### WORK ORDER
Below are the records; copy exactly the stretch from the line containing "< 1 / sqrt (1" through the line containing "real L * (1", both ends included, and nothing else.

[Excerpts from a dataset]

-=-=-

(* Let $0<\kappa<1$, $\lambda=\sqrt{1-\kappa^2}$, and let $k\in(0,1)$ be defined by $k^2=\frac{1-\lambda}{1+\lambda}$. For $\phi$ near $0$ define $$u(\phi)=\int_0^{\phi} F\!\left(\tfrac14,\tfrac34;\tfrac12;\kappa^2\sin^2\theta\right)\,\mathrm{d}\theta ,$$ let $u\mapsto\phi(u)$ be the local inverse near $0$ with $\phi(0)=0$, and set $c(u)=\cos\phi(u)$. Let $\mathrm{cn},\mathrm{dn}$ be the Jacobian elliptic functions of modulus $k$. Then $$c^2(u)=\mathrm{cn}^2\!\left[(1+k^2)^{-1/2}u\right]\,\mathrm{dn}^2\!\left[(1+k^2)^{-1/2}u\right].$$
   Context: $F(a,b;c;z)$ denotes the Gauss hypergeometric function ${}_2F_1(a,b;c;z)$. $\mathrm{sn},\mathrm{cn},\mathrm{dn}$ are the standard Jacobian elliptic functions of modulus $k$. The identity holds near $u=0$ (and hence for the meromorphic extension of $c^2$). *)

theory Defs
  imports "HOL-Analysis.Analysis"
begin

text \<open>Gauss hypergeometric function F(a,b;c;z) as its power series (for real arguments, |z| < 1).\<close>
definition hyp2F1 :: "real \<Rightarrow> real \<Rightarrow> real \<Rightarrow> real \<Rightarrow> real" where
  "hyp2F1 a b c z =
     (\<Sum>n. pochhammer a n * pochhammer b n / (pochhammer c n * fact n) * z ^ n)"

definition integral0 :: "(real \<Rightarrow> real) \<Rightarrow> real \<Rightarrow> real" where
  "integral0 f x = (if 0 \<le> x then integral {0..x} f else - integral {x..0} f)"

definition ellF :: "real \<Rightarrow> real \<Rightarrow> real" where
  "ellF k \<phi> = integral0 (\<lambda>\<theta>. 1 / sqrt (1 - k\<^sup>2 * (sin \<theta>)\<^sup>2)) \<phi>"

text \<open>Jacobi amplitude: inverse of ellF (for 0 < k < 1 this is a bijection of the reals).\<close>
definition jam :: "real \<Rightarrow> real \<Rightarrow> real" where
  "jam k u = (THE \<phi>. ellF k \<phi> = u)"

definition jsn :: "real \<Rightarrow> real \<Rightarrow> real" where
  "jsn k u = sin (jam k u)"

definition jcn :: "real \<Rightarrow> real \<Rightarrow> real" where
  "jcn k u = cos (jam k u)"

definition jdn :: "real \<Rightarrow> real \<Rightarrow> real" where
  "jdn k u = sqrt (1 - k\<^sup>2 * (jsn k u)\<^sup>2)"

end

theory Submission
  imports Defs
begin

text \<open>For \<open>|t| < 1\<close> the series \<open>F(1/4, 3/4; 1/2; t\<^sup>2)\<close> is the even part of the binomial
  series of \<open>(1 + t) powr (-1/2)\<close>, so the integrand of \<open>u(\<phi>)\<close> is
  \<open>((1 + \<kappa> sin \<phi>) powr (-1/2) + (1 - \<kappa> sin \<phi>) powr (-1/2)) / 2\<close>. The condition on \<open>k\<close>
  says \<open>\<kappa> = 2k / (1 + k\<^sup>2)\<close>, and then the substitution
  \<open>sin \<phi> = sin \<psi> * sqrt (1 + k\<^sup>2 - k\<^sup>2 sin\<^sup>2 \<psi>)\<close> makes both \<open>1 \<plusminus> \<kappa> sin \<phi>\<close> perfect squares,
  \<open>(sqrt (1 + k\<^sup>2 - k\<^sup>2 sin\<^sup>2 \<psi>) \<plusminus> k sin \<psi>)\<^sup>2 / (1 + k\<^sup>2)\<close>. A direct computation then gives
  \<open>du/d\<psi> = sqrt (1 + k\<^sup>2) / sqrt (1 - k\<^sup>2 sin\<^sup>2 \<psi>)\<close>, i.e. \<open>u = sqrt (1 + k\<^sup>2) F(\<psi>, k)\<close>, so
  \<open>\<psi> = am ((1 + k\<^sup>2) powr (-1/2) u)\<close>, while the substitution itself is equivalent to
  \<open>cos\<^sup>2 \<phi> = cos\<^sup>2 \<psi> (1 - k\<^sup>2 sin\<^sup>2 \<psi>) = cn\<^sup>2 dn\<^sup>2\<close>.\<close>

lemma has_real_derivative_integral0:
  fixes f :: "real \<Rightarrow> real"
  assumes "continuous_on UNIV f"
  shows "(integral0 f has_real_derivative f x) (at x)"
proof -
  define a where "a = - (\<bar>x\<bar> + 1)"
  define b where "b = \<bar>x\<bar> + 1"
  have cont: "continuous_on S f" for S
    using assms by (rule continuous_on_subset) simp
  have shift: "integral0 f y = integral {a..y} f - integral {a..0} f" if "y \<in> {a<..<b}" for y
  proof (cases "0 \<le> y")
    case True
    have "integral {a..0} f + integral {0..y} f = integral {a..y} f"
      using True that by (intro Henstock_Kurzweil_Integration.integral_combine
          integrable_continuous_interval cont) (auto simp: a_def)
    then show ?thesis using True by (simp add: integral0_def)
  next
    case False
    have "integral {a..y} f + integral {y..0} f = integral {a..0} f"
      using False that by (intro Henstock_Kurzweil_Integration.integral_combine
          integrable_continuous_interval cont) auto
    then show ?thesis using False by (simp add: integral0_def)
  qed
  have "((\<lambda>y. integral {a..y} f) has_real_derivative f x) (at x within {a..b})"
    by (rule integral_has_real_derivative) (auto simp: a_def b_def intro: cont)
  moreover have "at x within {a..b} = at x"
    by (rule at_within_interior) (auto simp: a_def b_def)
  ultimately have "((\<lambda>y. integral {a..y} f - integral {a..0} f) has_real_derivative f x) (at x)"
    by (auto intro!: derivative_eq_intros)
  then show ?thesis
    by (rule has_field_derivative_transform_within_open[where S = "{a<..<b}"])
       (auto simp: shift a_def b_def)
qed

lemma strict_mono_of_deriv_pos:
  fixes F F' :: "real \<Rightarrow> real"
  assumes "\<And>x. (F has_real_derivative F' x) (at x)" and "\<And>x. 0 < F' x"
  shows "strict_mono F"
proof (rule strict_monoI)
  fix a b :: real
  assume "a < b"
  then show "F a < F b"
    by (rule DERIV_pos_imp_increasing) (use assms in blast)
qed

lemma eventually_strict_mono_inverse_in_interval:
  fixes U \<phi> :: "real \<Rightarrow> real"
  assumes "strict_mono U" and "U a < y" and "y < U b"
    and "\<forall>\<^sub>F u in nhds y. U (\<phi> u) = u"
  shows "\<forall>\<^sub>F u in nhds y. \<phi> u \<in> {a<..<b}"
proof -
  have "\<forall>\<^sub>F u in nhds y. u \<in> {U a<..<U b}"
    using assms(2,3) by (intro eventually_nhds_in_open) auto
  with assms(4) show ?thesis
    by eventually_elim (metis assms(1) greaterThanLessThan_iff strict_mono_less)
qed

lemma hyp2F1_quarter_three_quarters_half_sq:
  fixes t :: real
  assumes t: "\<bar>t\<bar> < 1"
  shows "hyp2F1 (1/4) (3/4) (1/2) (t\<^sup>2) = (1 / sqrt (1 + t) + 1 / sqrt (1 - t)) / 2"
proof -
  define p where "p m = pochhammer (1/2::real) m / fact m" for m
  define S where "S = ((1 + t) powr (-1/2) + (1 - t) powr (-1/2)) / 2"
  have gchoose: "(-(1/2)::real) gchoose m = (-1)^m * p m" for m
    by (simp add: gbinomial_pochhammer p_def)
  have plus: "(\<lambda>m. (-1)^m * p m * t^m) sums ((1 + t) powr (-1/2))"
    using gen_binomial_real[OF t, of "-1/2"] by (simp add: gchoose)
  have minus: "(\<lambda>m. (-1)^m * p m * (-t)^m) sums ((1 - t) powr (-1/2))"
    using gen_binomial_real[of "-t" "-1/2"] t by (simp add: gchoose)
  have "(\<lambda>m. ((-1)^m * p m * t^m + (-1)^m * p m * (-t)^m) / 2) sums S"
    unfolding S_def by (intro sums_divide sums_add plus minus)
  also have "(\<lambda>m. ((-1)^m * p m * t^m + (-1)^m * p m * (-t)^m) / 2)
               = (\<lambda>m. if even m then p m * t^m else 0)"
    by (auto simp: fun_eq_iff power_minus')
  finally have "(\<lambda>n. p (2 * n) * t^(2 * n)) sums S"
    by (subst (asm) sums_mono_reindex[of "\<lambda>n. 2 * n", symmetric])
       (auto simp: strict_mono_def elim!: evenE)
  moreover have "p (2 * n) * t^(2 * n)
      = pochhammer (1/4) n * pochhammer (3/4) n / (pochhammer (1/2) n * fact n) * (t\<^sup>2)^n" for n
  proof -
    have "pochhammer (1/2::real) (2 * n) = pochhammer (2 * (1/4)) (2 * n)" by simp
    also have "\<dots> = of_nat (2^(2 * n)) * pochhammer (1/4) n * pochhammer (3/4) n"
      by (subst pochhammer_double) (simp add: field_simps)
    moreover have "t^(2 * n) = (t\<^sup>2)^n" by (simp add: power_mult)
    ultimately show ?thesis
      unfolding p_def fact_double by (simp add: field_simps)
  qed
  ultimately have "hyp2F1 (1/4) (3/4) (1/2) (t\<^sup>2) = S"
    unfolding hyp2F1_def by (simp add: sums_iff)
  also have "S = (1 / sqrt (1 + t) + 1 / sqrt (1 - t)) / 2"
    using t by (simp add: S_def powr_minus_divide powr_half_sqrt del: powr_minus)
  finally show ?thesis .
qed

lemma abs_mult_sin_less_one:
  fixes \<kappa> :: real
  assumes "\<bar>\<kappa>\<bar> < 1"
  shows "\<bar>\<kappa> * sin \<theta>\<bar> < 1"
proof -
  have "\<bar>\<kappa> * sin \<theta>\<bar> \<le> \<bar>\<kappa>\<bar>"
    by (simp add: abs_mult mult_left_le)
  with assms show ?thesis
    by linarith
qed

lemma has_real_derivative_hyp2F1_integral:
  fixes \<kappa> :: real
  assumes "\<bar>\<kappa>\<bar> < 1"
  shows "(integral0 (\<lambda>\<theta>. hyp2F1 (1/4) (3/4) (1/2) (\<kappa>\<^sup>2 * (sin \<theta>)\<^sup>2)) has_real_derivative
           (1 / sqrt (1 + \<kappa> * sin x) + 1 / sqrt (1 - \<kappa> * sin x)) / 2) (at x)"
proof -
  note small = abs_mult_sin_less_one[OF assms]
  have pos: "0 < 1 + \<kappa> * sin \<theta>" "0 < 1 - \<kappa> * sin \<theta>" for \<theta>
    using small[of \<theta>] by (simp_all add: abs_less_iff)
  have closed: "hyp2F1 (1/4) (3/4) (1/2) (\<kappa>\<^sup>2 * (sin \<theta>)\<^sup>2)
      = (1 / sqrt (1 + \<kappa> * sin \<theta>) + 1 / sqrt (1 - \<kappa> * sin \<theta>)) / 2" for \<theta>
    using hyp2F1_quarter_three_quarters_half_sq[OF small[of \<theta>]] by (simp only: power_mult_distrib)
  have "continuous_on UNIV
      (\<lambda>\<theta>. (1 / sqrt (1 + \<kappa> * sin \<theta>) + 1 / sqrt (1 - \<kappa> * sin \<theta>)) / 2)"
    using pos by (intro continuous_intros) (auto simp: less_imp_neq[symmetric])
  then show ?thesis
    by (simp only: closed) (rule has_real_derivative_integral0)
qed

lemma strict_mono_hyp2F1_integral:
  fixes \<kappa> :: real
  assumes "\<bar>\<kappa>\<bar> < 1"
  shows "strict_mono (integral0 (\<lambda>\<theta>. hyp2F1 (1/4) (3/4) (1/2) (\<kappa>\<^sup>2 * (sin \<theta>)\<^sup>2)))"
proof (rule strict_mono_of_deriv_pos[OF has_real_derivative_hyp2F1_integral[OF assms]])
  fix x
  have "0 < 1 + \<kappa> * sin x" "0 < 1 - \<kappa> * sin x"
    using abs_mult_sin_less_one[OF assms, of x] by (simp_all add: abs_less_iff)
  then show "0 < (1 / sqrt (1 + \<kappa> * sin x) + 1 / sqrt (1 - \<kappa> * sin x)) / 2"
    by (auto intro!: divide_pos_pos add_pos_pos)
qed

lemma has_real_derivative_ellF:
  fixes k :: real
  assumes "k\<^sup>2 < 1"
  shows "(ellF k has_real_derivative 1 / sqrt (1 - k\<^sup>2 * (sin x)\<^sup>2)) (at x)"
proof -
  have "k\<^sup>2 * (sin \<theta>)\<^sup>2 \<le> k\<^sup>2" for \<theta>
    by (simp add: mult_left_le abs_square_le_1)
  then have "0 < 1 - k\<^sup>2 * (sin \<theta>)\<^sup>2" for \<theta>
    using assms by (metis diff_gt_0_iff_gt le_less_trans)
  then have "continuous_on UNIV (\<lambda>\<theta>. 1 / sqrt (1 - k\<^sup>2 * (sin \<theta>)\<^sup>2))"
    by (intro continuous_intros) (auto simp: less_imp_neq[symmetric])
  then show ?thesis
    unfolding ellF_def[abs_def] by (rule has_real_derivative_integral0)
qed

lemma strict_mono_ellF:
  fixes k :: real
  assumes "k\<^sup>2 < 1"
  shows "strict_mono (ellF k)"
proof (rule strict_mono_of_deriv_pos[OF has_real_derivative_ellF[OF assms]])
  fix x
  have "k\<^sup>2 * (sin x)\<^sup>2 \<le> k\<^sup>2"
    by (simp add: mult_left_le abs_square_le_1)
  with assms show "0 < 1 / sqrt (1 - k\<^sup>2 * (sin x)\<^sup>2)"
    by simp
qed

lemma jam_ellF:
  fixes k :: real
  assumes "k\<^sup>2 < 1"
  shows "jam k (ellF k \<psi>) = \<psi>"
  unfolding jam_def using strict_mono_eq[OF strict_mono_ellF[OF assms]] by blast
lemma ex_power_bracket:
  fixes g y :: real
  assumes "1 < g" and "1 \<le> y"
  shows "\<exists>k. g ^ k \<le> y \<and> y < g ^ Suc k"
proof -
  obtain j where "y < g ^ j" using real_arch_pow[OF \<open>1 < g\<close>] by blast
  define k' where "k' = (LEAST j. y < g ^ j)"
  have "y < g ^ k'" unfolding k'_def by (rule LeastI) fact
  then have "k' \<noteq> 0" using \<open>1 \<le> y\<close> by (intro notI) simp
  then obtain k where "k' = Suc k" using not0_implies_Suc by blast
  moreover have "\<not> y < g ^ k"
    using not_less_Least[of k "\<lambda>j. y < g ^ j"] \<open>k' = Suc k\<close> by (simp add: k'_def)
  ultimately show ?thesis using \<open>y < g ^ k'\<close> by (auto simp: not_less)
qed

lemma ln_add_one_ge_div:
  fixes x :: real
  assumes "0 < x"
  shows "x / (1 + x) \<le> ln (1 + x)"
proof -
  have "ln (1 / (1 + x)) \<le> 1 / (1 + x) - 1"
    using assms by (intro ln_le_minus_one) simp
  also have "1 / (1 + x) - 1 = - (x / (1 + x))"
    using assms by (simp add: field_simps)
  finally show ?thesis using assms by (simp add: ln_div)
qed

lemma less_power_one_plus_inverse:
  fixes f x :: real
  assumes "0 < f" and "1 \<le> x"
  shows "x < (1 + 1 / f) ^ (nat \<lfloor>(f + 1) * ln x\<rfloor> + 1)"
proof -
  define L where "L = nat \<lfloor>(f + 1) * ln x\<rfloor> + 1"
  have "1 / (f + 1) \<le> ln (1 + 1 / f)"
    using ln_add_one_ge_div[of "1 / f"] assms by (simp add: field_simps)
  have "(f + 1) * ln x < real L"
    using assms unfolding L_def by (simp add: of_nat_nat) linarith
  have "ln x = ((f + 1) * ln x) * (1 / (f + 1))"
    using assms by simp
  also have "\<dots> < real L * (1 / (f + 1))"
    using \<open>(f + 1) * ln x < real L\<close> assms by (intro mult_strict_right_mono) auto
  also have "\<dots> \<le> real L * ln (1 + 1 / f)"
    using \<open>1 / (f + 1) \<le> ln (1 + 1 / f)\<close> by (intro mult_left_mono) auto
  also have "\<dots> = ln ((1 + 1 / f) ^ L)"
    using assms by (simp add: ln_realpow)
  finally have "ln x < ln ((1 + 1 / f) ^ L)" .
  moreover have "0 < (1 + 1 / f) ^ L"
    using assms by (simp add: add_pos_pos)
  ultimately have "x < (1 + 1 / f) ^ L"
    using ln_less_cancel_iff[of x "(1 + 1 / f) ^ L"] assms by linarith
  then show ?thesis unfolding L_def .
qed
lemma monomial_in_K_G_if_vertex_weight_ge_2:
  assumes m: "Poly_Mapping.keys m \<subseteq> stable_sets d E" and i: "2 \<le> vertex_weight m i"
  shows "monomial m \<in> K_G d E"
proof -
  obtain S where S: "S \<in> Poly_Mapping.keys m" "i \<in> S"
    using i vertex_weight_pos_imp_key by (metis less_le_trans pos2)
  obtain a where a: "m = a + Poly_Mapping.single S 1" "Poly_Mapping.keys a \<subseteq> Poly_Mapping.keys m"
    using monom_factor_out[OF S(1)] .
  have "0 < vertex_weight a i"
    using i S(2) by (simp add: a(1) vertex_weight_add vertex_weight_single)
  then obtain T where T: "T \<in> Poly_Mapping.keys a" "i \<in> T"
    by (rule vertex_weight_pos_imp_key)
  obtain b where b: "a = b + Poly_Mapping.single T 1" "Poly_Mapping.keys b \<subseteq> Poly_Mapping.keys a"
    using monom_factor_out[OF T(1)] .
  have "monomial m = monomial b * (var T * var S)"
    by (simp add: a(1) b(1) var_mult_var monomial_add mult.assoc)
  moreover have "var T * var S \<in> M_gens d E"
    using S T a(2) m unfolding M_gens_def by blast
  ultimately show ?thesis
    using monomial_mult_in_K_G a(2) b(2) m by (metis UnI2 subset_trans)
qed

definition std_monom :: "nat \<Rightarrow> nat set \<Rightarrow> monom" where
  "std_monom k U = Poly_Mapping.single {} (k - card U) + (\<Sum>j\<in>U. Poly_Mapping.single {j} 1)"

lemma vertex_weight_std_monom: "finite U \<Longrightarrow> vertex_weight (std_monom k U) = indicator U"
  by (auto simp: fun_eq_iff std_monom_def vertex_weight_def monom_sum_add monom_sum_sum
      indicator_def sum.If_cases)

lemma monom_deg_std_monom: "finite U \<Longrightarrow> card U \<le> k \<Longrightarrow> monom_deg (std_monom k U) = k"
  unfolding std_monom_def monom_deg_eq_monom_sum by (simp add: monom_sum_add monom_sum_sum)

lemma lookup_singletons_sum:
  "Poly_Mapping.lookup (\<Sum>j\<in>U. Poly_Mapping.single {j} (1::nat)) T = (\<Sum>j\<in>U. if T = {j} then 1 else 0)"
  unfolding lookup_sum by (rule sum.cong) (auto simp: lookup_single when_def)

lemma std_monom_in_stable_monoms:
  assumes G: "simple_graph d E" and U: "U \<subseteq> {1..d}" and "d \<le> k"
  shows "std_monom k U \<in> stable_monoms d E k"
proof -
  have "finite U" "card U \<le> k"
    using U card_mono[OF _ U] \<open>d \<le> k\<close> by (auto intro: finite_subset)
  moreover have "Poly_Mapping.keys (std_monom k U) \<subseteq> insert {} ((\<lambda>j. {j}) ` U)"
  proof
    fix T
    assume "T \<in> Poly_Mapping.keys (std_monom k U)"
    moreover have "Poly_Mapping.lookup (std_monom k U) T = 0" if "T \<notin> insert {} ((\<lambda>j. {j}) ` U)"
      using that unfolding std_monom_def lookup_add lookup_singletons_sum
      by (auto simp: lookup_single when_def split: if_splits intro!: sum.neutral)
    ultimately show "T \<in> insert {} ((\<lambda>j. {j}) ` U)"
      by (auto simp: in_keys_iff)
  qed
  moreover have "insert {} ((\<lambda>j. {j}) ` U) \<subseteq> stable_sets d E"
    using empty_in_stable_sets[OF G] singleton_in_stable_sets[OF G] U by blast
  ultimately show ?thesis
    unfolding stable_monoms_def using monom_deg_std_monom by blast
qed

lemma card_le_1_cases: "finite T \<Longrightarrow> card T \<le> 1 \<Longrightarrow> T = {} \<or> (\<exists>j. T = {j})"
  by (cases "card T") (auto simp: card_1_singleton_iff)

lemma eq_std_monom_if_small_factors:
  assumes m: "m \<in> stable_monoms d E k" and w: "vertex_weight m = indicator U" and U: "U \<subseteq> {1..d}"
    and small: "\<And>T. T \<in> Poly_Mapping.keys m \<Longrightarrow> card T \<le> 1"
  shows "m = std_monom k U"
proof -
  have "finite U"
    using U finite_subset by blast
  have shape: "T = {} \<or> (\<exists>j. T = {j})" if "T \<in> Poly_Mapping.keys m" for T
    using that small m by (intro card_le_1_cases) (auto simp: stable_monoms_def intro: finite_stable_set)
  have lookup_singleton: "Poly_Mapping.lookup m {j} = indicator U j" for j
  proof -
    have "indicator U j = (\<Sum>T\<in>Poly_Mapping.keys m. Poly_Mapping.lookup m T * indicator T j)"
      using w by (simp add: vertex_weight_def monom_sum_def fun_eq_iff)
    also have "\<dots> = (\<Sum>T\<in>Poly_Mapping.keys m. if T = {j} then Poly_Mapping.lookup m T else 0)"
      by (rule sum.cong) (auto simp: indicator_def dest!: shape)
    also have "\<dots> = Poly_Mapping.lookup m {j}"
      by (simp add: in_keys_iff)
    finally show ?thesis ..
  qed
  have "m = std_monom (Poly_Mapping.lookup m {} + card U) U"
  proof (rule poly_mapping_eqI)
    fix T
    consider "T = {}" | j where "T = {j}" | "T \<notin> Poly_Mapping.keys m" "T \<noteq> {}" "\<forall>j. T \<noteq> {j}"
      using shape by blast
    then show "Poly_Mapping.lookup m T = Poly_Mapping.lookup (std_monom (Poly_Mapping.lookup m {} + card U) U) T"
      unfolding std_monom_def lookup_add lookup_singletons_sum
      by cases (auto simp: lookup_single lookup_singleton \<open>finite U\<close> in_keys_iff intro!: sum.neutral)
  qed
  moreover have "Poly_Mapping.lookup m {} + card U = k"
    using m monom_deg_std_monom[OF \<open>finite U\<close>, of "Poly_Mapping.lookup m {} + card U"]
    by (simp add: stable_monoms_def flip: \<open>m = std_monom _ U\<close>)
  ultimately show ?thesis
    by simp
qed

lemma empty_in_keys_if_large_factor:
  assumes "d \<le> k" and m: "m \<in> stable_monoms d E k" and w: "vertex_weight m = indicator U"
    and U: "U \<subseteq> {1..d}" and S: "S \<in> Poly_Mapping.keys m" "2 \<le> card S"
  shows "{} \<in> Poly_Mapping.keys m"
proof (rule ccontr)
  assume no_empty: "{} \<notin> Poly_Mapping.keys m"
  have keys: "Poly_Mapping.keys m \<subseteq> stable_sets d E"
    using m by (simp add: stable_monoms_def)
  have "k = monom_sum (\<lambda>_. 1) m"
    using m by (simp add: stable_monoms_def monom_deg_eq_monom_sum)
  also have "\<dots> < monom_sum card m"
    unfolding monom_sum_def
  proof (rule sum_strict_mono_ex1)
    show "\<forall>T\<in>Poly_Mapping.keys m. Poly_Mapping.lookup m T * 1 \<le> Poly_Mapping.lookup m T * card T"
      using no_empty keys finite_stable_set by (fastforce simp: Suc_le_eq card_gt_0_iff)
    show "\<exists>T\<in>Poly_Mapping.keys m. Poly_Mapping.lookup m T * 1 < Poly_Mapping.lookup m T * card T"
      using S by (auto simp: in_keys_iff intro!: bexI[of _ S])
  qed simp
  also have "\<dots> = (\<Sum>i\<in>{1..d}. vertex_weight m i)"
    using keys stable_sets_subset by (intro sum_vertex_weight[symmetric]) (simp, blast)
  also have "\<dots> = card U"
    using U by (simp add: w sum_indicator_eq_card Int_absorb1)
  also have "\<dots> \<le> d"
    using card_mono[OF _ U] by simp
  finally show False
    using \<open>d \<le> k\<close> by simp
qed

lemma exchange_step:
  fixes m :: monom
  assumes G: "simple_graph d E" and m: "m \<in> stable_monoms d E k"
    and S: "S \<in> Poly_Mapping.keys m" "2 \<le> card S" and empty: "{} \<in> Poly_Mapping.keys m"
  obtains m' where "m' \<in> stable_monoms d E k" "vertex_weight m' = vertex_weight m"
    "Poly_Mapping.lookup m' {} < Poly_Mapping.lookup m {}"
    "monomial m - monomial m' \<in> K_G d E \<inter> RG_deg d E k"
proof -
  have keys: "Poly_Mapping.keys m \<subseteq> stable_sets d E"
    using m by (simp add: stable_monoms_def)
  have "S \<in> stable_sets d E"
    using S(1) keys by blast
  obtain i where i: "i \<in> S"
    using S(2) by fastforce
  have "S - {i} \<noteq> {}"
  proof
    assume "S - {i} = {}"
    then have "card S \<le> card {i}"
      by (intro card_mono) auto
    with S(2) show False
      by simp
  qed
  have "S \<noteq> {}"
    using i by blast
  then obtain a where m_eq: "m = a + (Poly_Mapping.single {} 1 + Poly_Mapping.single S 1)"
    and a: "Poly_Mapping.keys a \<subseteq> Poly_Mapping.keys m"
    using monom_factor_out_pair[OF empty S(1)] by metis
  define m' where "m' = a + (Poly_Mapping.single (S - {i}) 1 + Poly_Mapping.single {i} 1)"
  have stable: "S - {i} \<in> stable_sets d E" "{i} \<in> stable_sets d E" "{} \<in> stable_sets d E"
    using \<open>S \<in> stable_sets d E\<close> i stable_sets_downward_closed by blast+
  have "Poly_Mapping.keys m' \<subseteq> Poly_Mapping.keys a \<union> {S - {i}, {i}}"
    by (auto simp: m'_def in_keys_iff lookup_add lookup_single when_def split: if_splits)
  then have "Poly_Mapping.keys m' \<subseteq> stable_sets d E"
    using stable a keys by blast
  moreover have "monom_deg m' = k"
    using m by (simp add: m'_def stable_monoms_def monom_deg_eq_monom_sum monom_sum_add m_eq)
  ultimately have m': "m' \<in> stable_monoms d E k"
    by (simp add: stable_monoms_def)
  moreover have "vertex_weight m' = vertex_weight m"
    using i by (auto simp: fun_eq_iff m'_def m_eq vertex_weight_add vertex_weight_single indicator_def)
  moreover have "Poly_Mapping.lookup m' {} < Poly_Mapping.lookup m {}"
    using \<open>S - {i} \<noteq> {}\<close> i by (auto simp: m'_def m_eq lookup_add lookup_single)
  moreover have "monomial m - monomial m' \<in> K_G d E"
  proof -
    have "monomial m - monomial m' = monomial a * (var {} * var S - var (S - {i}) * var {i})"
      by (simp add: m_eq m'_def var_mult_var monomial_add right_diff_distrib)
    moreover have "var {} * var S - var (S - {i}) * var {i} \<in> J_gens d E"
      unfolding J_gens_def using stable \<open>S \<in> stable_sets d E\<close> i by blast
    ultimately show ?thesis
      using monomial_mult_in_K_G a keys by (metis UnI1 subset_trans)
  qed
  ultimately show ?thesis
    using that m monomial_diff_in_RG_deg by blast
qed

-=-=-

### RESPONSE TO THE TASK
  with assms show "0 < 1 / sqrt (1 - k\<^sup>2 * (sin x)\<^sup>2)"
    by simp
qed

lemma jam_ellF:
  fixes k :: real
  assumes "k\<^sup>2 < 1"
  shows "jam k (ellF k \<psi>) = \<psi>"
  unfolding jam_def using strict_mono_eq[OF strict_mono_ellF[OF assms]] by blast
lemma ex_power_bracket:
  fixes g y :: real
  assumes "1 < g" and "1 \<le> y"
  shows "\<exists>k. g ^ k \<le> y \<and> y < g ^ Suc k"
proof -
  obtain j where "y < g ^ j" using real_arch_pow[OF \<open>1 < g\<close>] by blast
  define k' where "k' = (LEAST j. y < g ^ j)"
  have "y < g ^ k'" unfolding k'_def by (rule LeastI) fact
  then have "k' \<noteq> 0" using \<open>1 \<le> y\<close> by (intro notI) simp
  then obtain k where "k' = Suc k" using not0_implies_Suc by blast
  moreover have "\<not> y < g ^ k"
    using not_less_Least[of k "\<lambda>j. y < g ^ j"] \<open>k' = Suc k\<close> by (simp add: k'_def)
  ultimately show ?thesis using \<open>y < g ^ k'\<close> by (auto simp: not_less)
qed

lemma ln_add_one_ge_div:
  fixes x :: real
  assumes "0 < x"
  shows "x / (1 + x) \<le> ln (1 + x)"
proof -
  have "ln (1 / (1 + x)) \<le> 1 / (1 + x) - 1"
    using assms by (intro ln_le_minus_one) simp
  also have "1 / (1 + x) - 1 = - (x / (1 + x))"
    using assms by (simp add: field_simps)
  finally show ?thesis using assms by (simp add: ln_div)
qed

lemma less_power_one_plus_inverse:
  fixes f x :: real
  assumes "0 < f" and "1 \<le> x"
  shows "x < (1 + 1 / f) ^ (nat \<lfloor>(f + 1) * ln x\<rfloor> + 1)"
proof -
  define L where "L = nat \<lfloor>(f + 1) * ln x\<rfloor> + 1"
  have "1 / (f + 1) \<le> ln (1 + 1 / f)"
    using ln_add_one_ge_div[of "1 / f"] assms by (simp add: field_simps)
  have "(f + 1) * ln x < real L"
    using assms unfolding L_def by (simp add: of_nat_nat) linarith
  have "ln x = ((f + 1) * ln x) * (1 / (f + 1))"
    using assms by simp
  also have "\<dots> < real L * (1 / (f + 1))"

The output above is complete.